### [RECORDS PROVIDED]
lemma variation_has_derivative:
  "t \<in> {a<..b} \<Longrightarrow>
     ((\<lambda>s. \<gamma> s + \<epsilon> * h s) has_real_derivative \<gamma>' t + \<epsilon> * h' t) (at t within {a..b})"
  using \<gamma>_has_derivative h_deriv[of t] by (auto intro!: derivative_eq_intros)

lemma curve_deriv_variation:
  assumes "t \<in> {a<..b}"
  shows "curve_deriv (\<lambda>s. \<gamma> s + \<epsilon> * h s) a b t = \<gamma>' t + \<epsilon> * h' t"
proof -
  have "((\<lambda>s. \<gamma> s + \<epsilon> * h s) has_vector_derivative \<gamma>' t + \<epsilon> * h' t) (at t within cbox a b)"
    using variation_has_derivative[OF assms]
    by (simp add: has_real_derivative_iff_has_vector_derivative cbox_interval)
  from vector_derivative_within_cbox[OF a_less_b _ this] assms show ?thesis
    by (simp add: curve_deriv_def cbox_interval)
qed

lemma continuous_on_along_variation:
  assumes in_Om: "\<And>t. t \<in> {a<..b} \<Longrightarrow> (\<gamma> t + \<epsilon> * h t, \<gamma>' t + \<epsilon> * h' t) \<in> Om"
    and f: "continuous_on Om f" and S: "S \<subseteq> {a<..b}"
  shows "continuous_on S (\<lambda>t. f (\<gamma> t + \<epsilon> * h t, \<gamma>' t + \<epsilon> * h' t))"
proof -
  have "continuous_on S (\<lambda>t. (\<gamma> t + \<epsilon> * h t, \<gamma>' t + \<epsilon> * h' t))"
    using S by (intro continuous_intros continuous_on_subset[OF \<gamma>_cont] continuous_on_subset[OF \<gamma>'_cont]
        continuous_on_subset[OF h_cont] continuous_on_subset[OF h'_cont]) auto
  moreover have "(\<lambda>t. (\<gamma> t + \<epsilon> * h t, \<gamma>' t + \<epsilon> * h' t)) ` S \<subseteq> Om" using in_Om S by auto
  ultimately show ?thesis by (rule continuous_on_compose2[OF f])
qed
(* Consider an $N$-player game with player set $\mathcal{V}=\{1,\dots,N\}$, where player $i$ has strategy $x_i\in\mathbb{R}^{n_i}$, $n=\sum_{i=1}^N n_i$, $\bm{x}=\mathrm{col}(x_1,\dots,x_N)\in\mathbb{R}^n$, and cost functions $f_i:\mathbb{R}^n\to\mathbb{R}$. Suppose that for all $i\in\mathcal{V}$: (i) the strategy set is $\mathbb{R}^{n_i}$; (ii) $f_i(x_i,x_{-i})$ is convex and continuously differentiable in $x_i$ for every fixed $x_{-i}$; (iii) the pseudogradient $F(\bm{x})=\mathrm{col}(\nabla_1 f_1(\bm{x}),\dots,\nabla_N f_N(\bm{x}))$, with $\nabla_i f_i=\partial f_i/\partial x_i$, is strongly monotone: there is $\mu>0$ with $(\bm{x}-\bm{x}')^T(F(\bm{x})-F(\bm{x}'))\ge \mu\|\bm{x}-\bm{x}'\|^2$ for all $\bm{x},\bm{x}'\in\mathbb{R}^n$. Let $\bm{x}^*$ denote the (unique) Nash equilibrium, which satisfies $F(\bm{x}^* )=0$. Let the action of each player be governed by $$x_i^{(r_i)}+g_i(\xi_i,t)\theta_i=u_i,\qquad i\in\mathcal{V},$$ where $r_i\ge1$, $u_i\in\mathbb{R}^{n_i}$, $\xi_i=\mathrm{col}(x_i,\dot x_i,\dots,x_i^{(r_i-1)})$, $g_i:\mathbb{R}^{n_ir_i}\times[0,\infty)\to\mathbb{R}^{n_i\times m_i}$ is known, locally Lipschitz in $\xi_i$ uniformly in $t$ and continuous in $t$, and $\theta_i\in\mathbb{R}^{m_i}$ is a known constant vector. Let $c_0^i=1,c_1^i,\dots,c_{r_i-2}^i$ be real numbers such that $s^{r_i-1}+c^i_{r_i-2}s^{r_i-2}+\cdots+c_1^is+c_0^i$ is Hurwitz, and define $$\gamma_i=\sum_{k=0}^{r_i-2}c_k^i x_i^{(k)}+x_i^{(r_i-1)},\qquad x_i^s=\mathrm{col}(\dot x_i,\dots,x_i^{(r_i-1)})\in\mathbb{R}^{n_i(r_i-1)},$$ $K_i^s x_i^s=\sum_{k=0}^{r_i-2}c_k^i x_i^{(k+1)}$, $\bm{\gamma}=\mathrm{col}(\gamma_1,\dots,\gamma_N)$, $\bm{x}^s=\mathrm{col}(x_1^s,\dots,x_N^s)$. Apply the control law $$u_i=-\nabla_i f_i(\gamma_i,\gamma_{-i})+g_i(\xi_i,t)\theta_i-K_i^s x_i^s,\qquad i\in\mathcal{V},$$ where $\nabla_i f_i(\gamma_i,\gamma_{-i})$ denotes $\nabla_i f_i$ evaluated at $\bm{\gamma}$. Then, in the coordinates $(\bm{\gamma},\bm{x}^s)$, the closed-loop system has the unique equilibrium $(\bm{x}^*,\bm{0}_{\sum_{i=1}^N n_i(r_i-1)})$, and this equilibrium is globally exponentially stable.
   Context: $x_{-i}$ denotes $(x_1,\dots,x_{i-1},x_{i+1},\dots,x_N)$ and $\gamma_{-i}$ analogously. A Nash equilibrium is $\bm{x}^*$ with $f_i(x_i^*,x_{-i}^* )\le f_i(x_i,x_{-i}^* )$ for all $x_i$ and all $i$. In the $(\bm{\gamma},\bm{x}^s)$ coordinates the closed loop reads $\dot{\bm\gamma}=-F(\bm\gamma)$, $\dot x_i^s=A_i^K x_i^s-B_i^s\nabla_i f_i(\bm\gamma)$, where $A_i^K$ is the companion matrix (tensored with $I_{n_i}$) with last row $-c_0^i,\dots,-c_{r_i-2}^i$ and $B_i^s=\mathrm{col}(0,\dots,0,1)\otimes I_{n_i}$. *)

theory Defs
  imports "HOL-Analysis.Analysis"
begin

text \<open>The map
  pl :: 'n => nat assigns each coordinate to its owning player (in {1..N});
  player i's block is the set of coordinates j with pl j = i, so n_i = card of it.
  A "derivative family" xi :: nat => real^'n stores xi k = x^(k) (componentwise;
  for coordinate j only orders k <= r (pl j) are meaningful).\<close>

definition upd :: "('n \<Rightarrow> nat) \<Rightarrow> nat \<Rightarrow> real^'n \<Rightarrow> real^'n \<Rightarrow> real^'n" where
  "upd pl i x y = (\<chi> j. if pl j = i then y $ j else x $ j)"

definition pseudograd :: "(nat \<Rightarrow> real^'n \<Rightarrow> real) \<Rightarrow> ('n \<Rightarrow> nat) \<Rightarrow> real^'n \<Rightarrow> real^'n" where
  "pseudograd f pl x = (\<chi> j. deriv (\<lambda>s. f (pl j) (x + s *\<^sub>R axis j 1)) 0)"

definition nash_eq :: "nat \<Rightarrow> (nat \<Rightarrow> real^'n \<Rightarrow> real) \<Rightarrow> ('n \<Rightarrow> nat) \<Rightarrow> real^'n \<Rightarrow> bool" where
  "nash_eq N f pl xs \<longleftrightarrow> (\<forall>i\<in>{1..N}. \<forall>y. f i xs \<le> f i (upd pl i xs y))"

definition hurwitz_monic :: "nat \<Rightarrow> (nat \<Rightarrow> real) \<Rightarrow> bool" where
  "hurwitz_monic m a \<longleftrightarrow>
     (\<forall>z::complex. z ^ m + (\<Sum>k<m. complex_of_real (a k) * z ^ k) = 0 \<longrightarrow> Re z < 0)"

definition gam :: "('n \<Rightarrow> nat) \<Rightarrow> (nat \<Rightarrow> nat) \<Rightarrow> (nat \<Rightarrow> nat \<Rightarrow> real) \<Rightarrow> (nat \<Rightarrow> real^'n) \<Rightarrow> real^'n" where
  "gam pl r c xi = (\<chi> j. (\<Sum>k<r (pl j) - 1. c (pl j) k * xi k $ j) + xi (r (pl j) - 1) $ j)"

definition Ks :: "('n \<Rightarrow> nat) \<Rightarrow> (nat \<Rightarrow> nat) \<Rightarrow> (nat \<Rightarrow> nat \<Rightarrow> real) \<Rightarrow> (nat \<Rightarrow> real^'n) \<Rightarrow> real^'n" where
  "Ks pl r c xi = (\<chi> j. \<Sum>k<r (pl j) - 1. c (pl j) k * xi (Suc k) $ j)"

text \<open>g_i(xi_i,t) theta_i : g i xi t j l is the (j,l) entry of the n_i x m_i matrix
  (rows j in block i, columns l < m_i).\<close>
definition gtheta :: "('n \<Rightarrow> nat) \<Rightarrow> (nat \<Rightarrow> nat) \<Rightarrow> (nat \<Rightarrow> (nat \<Rightarrow> real^'n) \<Rightarrow> real \<Rightarrow> 'n \<Rightarrow> nat \<Rightarrow> real)
     \<Rightarrow> (nat \<Rightarrow> nat \<Rightarrow> real) \<Rightarrow> (nat \<Rightarrow> real^'n) \<Rightarrow> real \<Rightarrow> real^'n" where
  "gtheta pl m g \<theta> xi t = (\<chi> j. \<Sum>l<m (pl j). g (pl j) xi t j l * \<theta> (pl j) l)"

definition xi_dist :: "('n \<Rightarrow> nat) \<Rightarrow> (nat \<Rightarrow> nat) \<Rightarrow> nat \<Rightarrow> (nat \<Rightarrow> real^'n) \<Rightarrow> (nat \<Rightarrow> real^'n) \<Rightarrow> real" where
  "xi_dist pl r i xi xi' = sqrt (\<Sum>k<r i. \<Sum>j\<in>{j. pl j = i}. (xi k $ j - xi' k $ j)\<^sup>2)"

definition gmat_dist :: "('n \<Rightarrow> nat) \<Rightarrow> (nat \<Rightarrow> nat) \<Rightarrow> nat \<Rightarrow> ('n \<Rightarrow> nat \<Rightarrow> real) \<Rightarrow> ('n \<Rightarrow> nat \<Rightarrow> real) \<Rightarrow> real" where
  "gmat_dist pl m i A B = sqrt (\<Sum>j\<in>{j. pl j = i}. \<Sum>l<m i. (A j l - B j l)\<^sup>2)"

definition cl_solution :: "(nat \<Rightarrow> real^'n \<Rightarrow> real) \<Rightarrow> ('n \<Rightarrow> nat) \<Rightarrow> (nat \<Rightarrow> nat) \<Rightarrow> (nat \<Rightarrow> nat \<Rightarrow> real)
     \<Rightarrow> (nat \<Rightarrow> nat) \<Rightarrow> (nat \<Rightarrow> (nat \<Rightarrow> real^'n) \<Rightarrow> real \<Rightarrow> 'n \<Rightarrow> nat \<Rightarrow> real) \<Rightarrow> (nat \<Rightarrow> nat \<Rightarrow> real)
     \<Rightarrow> (nat \<Rightarrow> real \<Rightarrow> real^'n) \<Rightarrow> bool" where
  "cl_solution f pl r c m g \<theta> X \<longleftrightarrow>
     (\<forall>t\<ge>0. \<forall>j. \<forall>k<r (pl j).
        ((\<lambda>\<tau>. X k \<tau> $ j) has_real_derivative (X (Suc k) t $ j)) (at t within {0..})) \<and>
     (\<forall>t\<ge>0. (\<chi> j. X (r (pl j)) t $ j) + gtheta pl m g \<theta> (\<lambda>k. X k t) t
        = - pseudograd f pl (gam pl r c (\<lambda>k. X k t)) + gtheta pl m g \<theta> (\<lambda>k. X k t) t
          - Ks pl r c (\<lambda>k. X k t))"

definition xs_sq :: "('n::finite \<Rightarrow> nat) \<Rightarrow> (nat \<Rightarrow> nat) \<Rightarrow> (nat \<Rightarrow> real^'n) \<Rightarrow> real" where
  "xs_sq pl r xi = (\<Sum>j\<in>UNIV. \<Sum>k\<in>{1..<r (pl j)}. (xi k $ j)\<^sup>2)"

definition coord_err :: "('n::finite \<Rightarrow> nat) \<Rightarrow> (nat \<Rightarrow> nat) \<Rightarrow> (nat \<Rightarrow> nat \<Rightarrow> real) \<Rightarrow> real^'n
     \<Rightarrow> (nat \<Rightarrow> real^'n) \<Rightarrow> real" where
  "coord_err pl r c xst xi = sqrt ((norm (gam pl r c xi - xst))\<^sup>2 + xs_sq pl r xi)"

end

theory Submission
  imports Defs "HOL-Computational_Algebra.Fundamental_Theorem_Algebra"
begin

text \<open>
  The control law cancels g_i theta_i, and differentiating gamma along the closed loop gives
  gamma' = - F(gamma): the gamma-coordinates follow the pseudogradient flow, and strong
  monotonicity makes exp (2 mu t) |gamma - x*|^2 nonincreasing, so gamma converges to x* at
  rate mu. In each coordinate the derivatives w_k = x^(k+1) satisfy p(D) w_0 = (gamma - x*)'
  with the Hurwitz polynomial p = s^(r-1) + c_(r-2) s^(r-2) + ... + c_0. Splitting off a root,
  p = (s - lambda) q, the function q(D) w_0 - (gamma - x*) solves u' = lambda u + (exponentially
  small) and is bounded by variation of constants; induction on the degree of p gives
  exponential decay of all of x^s, with constants independent of the solution. A solution with
  constant (gamma, x^s) can only decay if it sits at (x*, 0).
\<close>

section \<open>Exponential bounds\<close>

definition exp_bounded :: "real \<Rightarrow> real \<Rightarrow> (real \<Rightarrow> 'a::real_normed_vector) \<Rightarrow> bool" where
  "exp_bounded C a u \<longleftrightarrow> (\<forall>t\<ge>0. norm (u t) \<le> C * exp (- a * t))"

lemma exp_bounded_nonneg: "exp_bounded C a u \<Longrightarrow> 0 \<le> C"
  unfolding exp_bounded_def by (metis exp_zero mult_1_right mult_zero_right norm_ge_zero order.trans order_refl)

lemma exp_bounded_mono:
  assumes "exp_bounded C a u" "C \<le> C'" "a' \<le> a"
  shows "exp_bounded C' a' u"
  unfolding exp_bounded_def
proof (intro allI impI)
  fix t :: real assume t: "0 \<le> t"
  have "norm (u t) \<le> C * exp (- a * t)" using assms(1) t unfolding exp_bounded_def by blast
  also have "\<dots> \<le> C' * exp (- a' * t)"
    using exp_bounded_nonneg[OF assms(1)] assms(2,3) t by (intro mult_mono) (auto intro: mult_right_mono)
  finally show "norm (u t) \<le> C' * exp (- a' * t)" .
qed

lemma exp_bounded_zero: "0 \<le> C \<Longrightarrow> exp_bounded C a (\<lambda>_. 0)"
  unfolding exp_bounded_def by simp

lemma exp_bounded_add:
  "exp_bounded C a u \<Longrightarrow> exp_bounded D a v \<Longrightarrow> exp_bounded (C + D) a (\<lambda>t. u t + v t)"
  unfolding exp_bounded_def by (auto intro: norm_triangle_le add_mono simp: distrib_right)

lemma exp_bounded_diff:
  "exp_bounded C a u \<Longrightarrow> exp_bounded D a v \<Longrightarrow> exp_bounded (C + D) a (\<lambda>t. u t - v t)"
  unfolding exp_bounded_def by (auto intro: norm_triangle_le_diff add_mono simp: distrib_right)

lemma exp_bounded_mult_left:
  fixes u :: "real \<Rightarrow> 'a::real_normed_algebra"
  shows "exp_bounded C a u \<Longrightarrow> exp_bounded (norm z * C) a (\<lambda>t. z * u t)"
  unfolding exp_bounded_def
  by (auto intro: order_trans[OF norm_mult_ineq] simp: mult.assoc mult_left_mono)

lemma exp_bounded_sum:
  assumes "finite I" "\<And>i. i \<in> I \<Longrightarrow> exp_bounded (C i) a (u i)"
  shows "exp_bounded (\<Sum>i\<in>I. C i) a (\<lambda>t. \<Sum>i\<in>I. u i t)"
  using assms by (induction I rule: finite_induct) (auto intro: exp_bounded_zero exp_bounded_add)

lemma exp_decay_of_constant_eq_0:
  fixes E :: real
  assumes "0 < M" "0 < a" "0 \<le> E" and decay: "\<And>t. 0 \<le> t \<Longrightarrow> E \<le> M * exp (- a * t) * E"
  shows "E = 0"
proof -
  define t where "t = (\<bar>ln M\<bar> + 1) / a"
  have "0 \<le> t" unfolding t_def using assms by simp
  have "- a * t = - (\<bar>ln M\<bar> + 1)" unfolding t_def using assms by simp
  then have "M * exp (- a * t) = exp (ln M) * exp (- (\<bar>ln M\<bar> + 1))" using assms by simp
  also have "\<dots> = exp (ln M - (\<bar>ln M\<bar> + 1))"
    by (metis diff_conv_add_uminus exp_add)
  also have "\<dots> < 1" by simp
  finally show ?thesis
    using decay[OF \<open>0 \<le> t\<close>] \<open>0 \<le> E\<close> by (metis mult_less_cancel_right2 not_le order_antisym)
qed

lemma finite_uniform_constants:
  fixes P :: "'i::finite \<Rightarrow> real \<Rightarrow> real \<Rightarrow> bool"
  assumes ex: "\<And>i. \<exists>M a. 0 < M \<and> 0 < a \<and> P i M a"
    and mono: "\<And>i M a M' a'. P i M a \<Longrightarrow> M \<le> M' \<Longrightarrow> a' \<le> a \<Longrightarrow> P i M' a'"
  obtains M a where "0 < M" "0 < a" "\<And>i. P i M a"
proof -
  obtain Mi ai where Mi: "\<And>i. 0 < Mi i" "\<And>i. 0 < ai i" "\<And>i. P i (Mi i) (ai i)"
    using ex by metis
  show thesis
  proof (rule that[of "Max (range Mi)" "Min (range ai)"])
    show "0 < Max (range Mi)" "0 < Min (range ai)"
      using Mi by (auto simp: Max_gr_iff Min_gr_iff)
    show "P i (Max (range Mi)) (Min (range ai))" for i
      by (rule mono[OF Mi(3)]) auto
  qed
qed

### [ACTION ITEM]
Copy out every line from the records that has the word "block".

### [EXERCISE ANSWER]
  player i's block is the set of coordinates j with pl j = i, so n_i = card of it.
  (rows j in block i, columns l < m_i).\<close>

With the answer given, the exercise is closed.